Records for this exercise

lemma marginal_scaling_imp_semi_selfsimilar:
  assumes "0 < a"
    and scaling: "\<And>t. 0 \<le> t \<Longrightarrow> marginal (a * t) = bind_pmf (marginal t) (binomial_thin (a powr H))"
  shows "semi_selfsimilar M X a H"
  unfolding semi_selfsimilar_def
proof (intro allI impI)
  fix ts :: "real list"
  assume nonneg: "\<forall>t\<in>set ts. 0 \<le> t"
  define c where "c = a powr H"
  define us where "us = sorted_list_of_set {t\<in>set ts. 0 < t}"
  define P where "P = indep_list_pmf (map marginal (increments (0 # us)))"
  define F :: "nat list \<Rightarrow> nat list" where "F = (\<lambda>ds. values_at us (partial_sums ds) ts)"
  have sorted: "sorted_wrt (<) (0 # us)" and ts: "\<forall>t\<in>set ts. t = 0 \<or> t \<in> set us"
    using nonneg by (auto simp: us_def strict_sorted_list_of_set)
  then have sorted_scaled: "sorted_wrt (<) (0 # map ((*) a) us)"
    using \<open>0 < a\<close> by (auto simp: sorted_wrt_map elim!: sorted_wrt_mono_rel[rotated])
  have ts_scaled: "\<forall>t\<in>set (map ((*) a) ts). t = 0 \<or> t \<in> set (map ((*) a) us)"
    using ts by auto
  have scaled_values: "values_at (map ((*) a) us) zs (map ((*) a) ts) = values_at us zs ts"
    for zs :: "nat list"
    using \<open>0 < a\<close> by (intro values_at_map_inj) (auto simp: inj_def)
  have "increments (0 # map ((*) a) us) = map ((*) a) (increments (0 # us))"
    using increments_map_mult[of a "0 # us"] by simp
  then have "indep_list_pmf (map marginal (increments (0 # map ((*) a) us))) =
      indep_list_pmf (map (\<lambda>t. bind_pmf (marginal t) (binomial_thin c)) (increments (0 # us)))"
    using increments_nonneg[OF strict_sorted_imp_sorted[OF sorted]]
    by (simp only: map_map)
      (intro arg_cong[where f=indep_list_pmf] map_cong, auto simp: scaling c_def)
  also have "\<dots> = bind_pmf P (\<lambda>ds. indep_list_pmf (map (binomial_thin c) ds))"
    by (simp add: P_def bind_indep_list_pmf o_def)
  finally have "fdd M X (map ((*) a) ts) =
      measure_pmf (bind_pmf P (\<lambda>ds. map_pmf F (indep_list_pmf (map (binomial_thin c) ds))))"
    using fdd_eq_map_increments[OF sorted_scaled ts_scaled]
    by (simp add: F_def map_bind_pmf scaled_values)
  also have "\<dots> = measure_pmf (bind_pmf P (\<lambda>ds. thin_vec c (F ds)))"
    by (simp add: F_def thin_vec_values_at thin_vec_partial_sums pmf.map_comp o_def)
  also have "\<dots> = fdd M X ts \<bind> (\<lambda>xs. measure_pmf (thin_vec c xs))"
    by (simp add: fdd_eq_map_increments[OF sorted ts] P_def F_def measure_pmf_bind[symmetric]
        bind_map_pmf)
  finally show "fdd M X (map ((*) a) ts) = fdd M X ts \<bind> (\<lambda>xs. measure_pmf (thin_vec (a powr H) xs))"
    by (simp add: c_def)
qed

What you need to do
Go through the material and copy every line in which the word "auto" occurs.

Task solution
    using nonneg by (auto simp: us_def strict_sorted_list_of_set)
    using \<open>0 < a\<close> by (auto simp: sorted_wrt_map elim!: sorted_wrt_mono_rel[rotated])
    using ts by auto
    using \<open>0 < a\<close> by (intro values_at_map_inj) (auto simp: inj_def)
      (intro arg_cong[where f=indep_list_pmf] map_cong, auto simp: scaling c_def)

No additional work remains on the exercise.